Friday, October 15, 2010

Reading is Hard Sometimes

It's book awards season. Otherwise known in my brain as that time when I remember all the good books I'm not reading, panic slightly about how I will ever have time to read them all, remember that I don't have an unlimited book-buying budget, cry, and go home.

Not really, but it does always cause me some anxiety. I love books, but it's overwhelming sometimes how many of them there are. I had a lot of this type of anxiety in university, when it seemed absolutely essential to read every single classic, not to mention all the obscure essays/poems/novels that no one has heard of now but obviously changed forever the landscape of essay/poem/novel writing and because of which nothing will ever be the same. I eventually let this go, because it was either that or invent a time machine, and I'm pants at science. (I obviously got far enough into the British contemporary realm to learn the modern slang usage of the word pants.)

But, as some of you may know, I work in publishing. I'm pretty new at working in publishing, relatively speaking, and while I love my job I would eventually like to move into something different, and to do that I know that I'll need to be more up on the contemporary book scene that I am. So my anxiety about needing to read every book ever hasn't really gone away, it's just changed. Classics don't matter now; contemporary fiction does.

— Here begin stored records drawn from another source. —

lemma pd_unit_comp:
  assumes "b \<noteq> 0"
  shows "pd j (unit_comp k) b = unit_comp_d k j b"
proof -
  have "((\<lambda>t. unit_comp k (b + t *\<^sub>R axis j 1)) has_real_derivative unit_comp_d k j b) (at 0)"
    unfolding unit_comp_def
    by (rule derivative_eq_intros line_has_pd_unit_at0 differentiable_vec_nth differentiable_norm_at assms refl
        | simp add: assms pd_norm pd_vec_nth unit_comp_d_def field_simps power2_eq_square power3_eq_cube)+
  then show ?thesis unfolding pd_def by (rule DERIV_imp_deriv)
qed

lemma pd_unit_comp_d:
  assumes "b \<noteq> 0"
  shows "pd i (unit_comp_d k j) b = unit_comp_dd k j i b"
proof -
  have "((\<lambda>t. unit_comp_d k j (b + t *\<^sub>R axis i 1)) has_real_derivative unit_comp_dd k j i b) (at 0)"
    unfolding unit_comp_d_def
    by (rule derivative_eq_intros line_has_pd_unit_at0 differentiable_vec_nth differentiable_norm_at assms refl
        | simp add: assms pd_norm pd_vec_nth unit_comp_dd_def field_simps power2_eq_square power3_eq_cube
        | simp add: eval_nat_numeral field_simps)+
  then show ?thesis unfolding pd_def by (rule DERIV_imp_deriv)
qed

lemma norm_sq_sum: "norm (b::real^'n::finite) ^ 2 = (\<Sum>i\<in>UNIV. b $ i * b $ i)"
  by (simp add: power2_norm_eq_inner inner_vec_def)
definition invariant_pairings ::
  "('l::real_vector \<Rightarrow> 'l \<Rightarrow> 'l) \<Rightarrow> ('h::real_vector \<Rightarrow> 'h \<Rightarrow> 'h) \<Rightarrow> ('g::real_vector \<Rightarrow> 'g \<Rightarrow> 'g)
   \<Rightarrow> ('l \<Rightarrow> 'h) \<Rightarrow> ('h \<Rightarrow> 'g) \<Rightarrow> ('g \<Rightarrow> 'l \<Rightarrow> 'l) \<Rightarrow> ('g \<Rightarrow> 'h \<Rightarrow> 'h)
   \<Rightarrow> ('h \<Rightarrow> 'h \<Rightarrow> 'l) \<Rightarrow> ('h \<Rightarrow> 'h \<Rightarrow> real) \<Rightarrow> ('g \<Rightarrow> 'l \<Rightarrow> real) \<Rightarrow> bool" where
  "invariant_pairings brl brh brg \<beta> \<alpha> actl acth pf ph pgl \<longleftrightarrow>
     bilinear ph \<and>
     (\<forall>Y1 Y2. ph Y1 Y2 = - ph Y2 Y1) \<and>
     (\<forall>Y1. (\<forall>Y2. ph Y1 Y2 = 0) \<longrightarrow> Y1 = 0) \<and>
     (\<forall>Y Y1 Y2. ph (brh Y Y1) Y2 = - ph Y1 (brh Y Y2)) \<and>
     (\<forall>X Y Y1. ph Y (acth X Y1) = ph Y1 (acth X Y)) \<and>
     (\<forall>X Y1 Y2. ph (acth X Y1) Y2 + ph Y1 (acth X Y2) = 0) \<and>
     bilinear pgl \<and>
     (\<forall>X. (\<forall>Z. pgl X Z = 0) \<longrightarrow> X = 0) \<and>
     (\<forall>Z. (\<forall>X. pgl X Z = 0) \<longrightarrow> Z = 0) \<and>
     (\<forall>X1 X2 Z. pgl (brg X1 X2) Z = - pgl X2 (actl X1 Z)) \<and>
     (\<forall>Y Z. pgl (\<alpha> Y) Z = - ph (\<beta> Z) Y) \<and>
     (\<forall>X Y1 Y2. pgl X (pf Y1 Y2) = (1/2) * ph Y2 (acth X Y1))"

section \<open>Lie-algebra-valued forms (components w.r.t. the basis axis i 1)\<close>

definition vform :: "(nat \<Rightarrow> 'w set) \<Rightarrow> nat \<Rightarrow> ('a \<Rightarrow> 'w) \<Rightarrow> bool" where
  "vform hom k A \<longleftrightarrow> (\<forall>i. A i \<in> hom k)"

definition dV :: "('w \<Rightarrow> 'w) \<Rightarrow> ('a \<Rightarrow> 'w) \<Rightarrow> ('a \<Rightarrow> 'w)" where
  "dV d A = (\<lambda>i. d (A i))"

definition ext1 :: "(real^'a \<Rightarrow> real^'b) \<Rightarrow> ('a::finite \<Rightarrow> 'w::real_vector) \<Rightarrow> ('b \<Rightarrow> 'w)" where
  "ext1 f A = (\<lambda>c. \<Sum>a\<in>UNIV. (f (axis a 1) $ c) *\<^sub>R A a)"

definition ext2 :: "('w::real_vector \<Rightarrow> 'w \<Rightarrow> 'w) \<Rightarrow> (real^'a \<Rightarrow> real^'b \<Rightarrow> real^'c)
    \<Rightarrow> ('a::finite \<Rightarrow> 'w) \<Rightarrow> ('b::finite \<Rightarrow> 'w) \<Rightarrow> ('c \<Rightarrow> 'w)" where
  "ext2 wedge f A B = (\<lambda>c. \<Sum>a\<in>UNIV. \<Sum>b\<in>UNIV. (f (axis a 1) (axis b 1) $ c) *\<^sub>R wedge (A a) (B b))"

definition pair2 :: "('w::real_vector \<Rightarrow> 'w \<Rightarrow> 'w) \<Rightarrow> (real^'a \<Rightarrow> real^'b \<Rightarrow> real)
    \<Rightarrow> ('a::finite \<Rightarrow> 'w) \<Rightarrow> ('b::finite \<Rightarrow> 'w) \<Rightarrow> 'w" where
  "pair2 wedge p A B = (\<Sum>a\<in>UNIV. \<Sum>b\<in>UNIV. p (axis a 1) (axis b 1) *\<^sub>R wedge (A a) (B b))"

definition fake_curv :: "('w::real_vector \<Rightarrow> 'w \<Rightarrow> 'w) \<Rightarrow> ('w \<Rightarrow> 'w)
    \<Rightarrow> (real^'g \<Rightarrow> real^'g \<Rightarrow> real^'g) \<Rightarrow> ('g::finite \<Rightarrow> 'w) \<Rightarrow> ('g \<Rightarrow> 'w)" where
  "fake_curv wedge d brg A = (\<lambda>i. d (A i) + (1/2) *\<^sub>R ext2 wedge brg A A i)"

definition curv1 :: "('w::real_vector \<Rightarrow> 'w \<Rightarrow> 'w) \<Rightarrow> ('w \<Rightarrow> 'w)
    \<Rightarrow> (real^'g \<Rightarrow> real^'g \<Rightarrow> real^'g) \<Rightarrow> (real^'h \<Rightarrow> real^'g)
    \<Rightarrow> ('g::finite \<Rightarrow> 'w) \<Rightarrow> ('h::finite \<Rightarrow> 'w) \<Rightarrow> ('g \<Rightarrow> 'w)" where
  "curv1 wedge d brg \<alpha> A B = (\<lambda>i. d (A i) + (1/2) *\<^sub>R ext2 wedge brg A A i - ext1 \<alpha> B i)"
lemma contr_symprod_mult_nth:
  fixes L :: "3 \<Rightarrow> 3 \<Rightarrow> 3 \<Rightarrow> 3 \<Rightarrow> complex"
  assumes sym1: "\<And>i j k l. L i j k l = L j i k l" and sym2: "\<And>i j k l. L i j k l = L i j l k"
  shows "(contr L (symprod a v) *v b) $ j = (\<Sum>k\<in>UNIV. \<Sum>i\<in>UNIV. \<Sum>l\<in>UNIV. L i j k l * b $ i * a $ l * v $ k)"
proof -
  have entry: "contr L (symprod a v) $ j $ i = (\<Sum>k\<in>UNIV. \<Sum>l\<in>UNIV. L j i k l * (a $ l * v $ k))" for i
  proof -
    have "(\<Sum>k\<in>UNIV. \<Sum>l\<in>UNIV. L j i k l * (a $ k * v $ l)) = (\<Sum>k\<in>UNIV. \<Sum>l\<in>UNIV. L j i k l * (a $ l * v $ k))"
      by (subst sum.swap) (simp add: sym2[of j i])
    then show ?thesis
      by (simp add: contr_def symprod_def add_divide_distrib distrib_left sum.distrib flip: sum_divide_distrib)
  qed
  have "(contr L (symprod a v) *v b) $ j = (\<Sum>i\<in>UNIV. \<Sum>k\<in>UNIV. \<Sum>l\<in>UNIV. L j i k l * (a $ l * v $ k) * b $ i)"
    by (simp add: matrix_vector_mult_def entry sum_distrib_right)
  also have "\<dots> = (\<Sum>i\<in>UNIV. \<Sum>k\<in>UNIV. \<Sum>l\<in>UNIV. L i j k l * b $ i * a $ l * v $ k)"
    by (simp add: sym1[of j] algebra_simps)
  also have "\<dots> = (\<Sum>k\<in>UNIV. \<Sum>i\<in>UNIV. \<Sum>l\<in>UNIV. L i j k l * b $ i * a $ l * v $ k)"
    by (rule sum.swap)
  finally show ?thesis .
qed

lemma acoustic_tensor_mult:
  fixes L :: "3 \<Rightarrow> 3 \<Rightarrow> 3 \<Rightarrow> 3 \<Rightarrow> complex"
  assumes "\<And>i j k l. L i j k l = L j i k l" and "\<And>i j k l. L i j k l = L i j l k"
  shows "acoustic_tensor L a *v v = contr L (symprod a v) *v cvec a + contr L (symprod (cvec a) v) *v a"
proof -
  have "(acoustic_tensor L a *v v) $ j
      = (contr L (symprod a v) *v cvec a + contr L (symprod (cvec a) v) *v a) $ j" for j
    unfolding vector_add_component contr_symprod_mult_nth[OF assms]
    by (simp add: acoustic_tensor_def matrix_vector_mult_def cvec_def sum_distrib_left sum_distrib_right
        sum.distrib algebra_simps)
  then show ?thesis by (simp add: vec_eq_iff)
qed
lemma pair_step_round_invariant:
  assumes "finite L" "a \<in> L" "b \<in> L" "a \<noteq> b" "frac (y a)" "frac (y b)" "in_unit_cube m y"
    and "\<And>i. i \<in> L - {a, b} \<Longrightarrow> y i \<in> {0, 1}" and "(o', y') \<in> set_pmf (pair_step a b y)"
  shows "round_invariant m L y o' y'"
proof -
  obtain u w where y': "y' = y(a := u, b := w)" and uw: "u + w = y a + y b"
    "0 \<le> u" "u \<le> 1" "0 \<le> w" "w \<le> 1" "u \<in> {0, 1} \<or> w \<in> {0, 1}" and o': "o' = promote a b y'"
    using pair_step_outcome[OF assms(5,6,9)] by metis
  have "y' a = u" "y' b = w" using y' assms(4) by auto
  note content = promote_content[of a b y', unfolded this, OF assms(4) uw(2-6), folded o']
  have "in_unit_cube m y'" using assms(7) uw unfolding y' in_unit_cube_def by auto
  moreover have "(\<Sum>i\<in>L. y' i) = (\<Sum>i\<in>L. y i)"
    using sum_update_pair[OF assms(1-4), of y u w] uw(1) unfolding y' by simp
  moreover have "y' i \<in> {0, 1}" if "i \<in> L" "o' \<noteq> Some i" for i
  proof (cases "i \<in> {a, b}")
    case False
    then show ?thesis using assms(8) that unfolding y' by auto
  qed (use content(1) that in blast)
  ultimately show ?thesis using content(2) assms(2,3) unfolding round_invariant_def y' by auto
qed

How do people do this? Libraries only go so far, and I never have the patience for them anyway. Plus, though I know award-winning books will probably be good, that doesn't mean they're always going to be my first choice. Do people in the industry just read enough reviews to sound like they know what they're talking about, or do they actually read everything relevant to them? I suspect the former.

Anyway, the point of this post is, I guess, to appeal to some rich book-buying patron. Anyone? Do you guys find yourselves wondering if you should be reading something, even if you don't particularly want to?

1 comment:

  1. Reading the trade mags is really the only way to keep up. Publishers Weekly and Bookscan are pretty useful, as are any genre specific trade mags. I wouldn't know about Hunger Games otherwise.

    Also, you might want to consider joining Shelfari or Goodreads and posting your reviews there. It's a good place for exposure.

    Bottom line: read what you want to, not what you think you should. Your future career should be something you enjoy.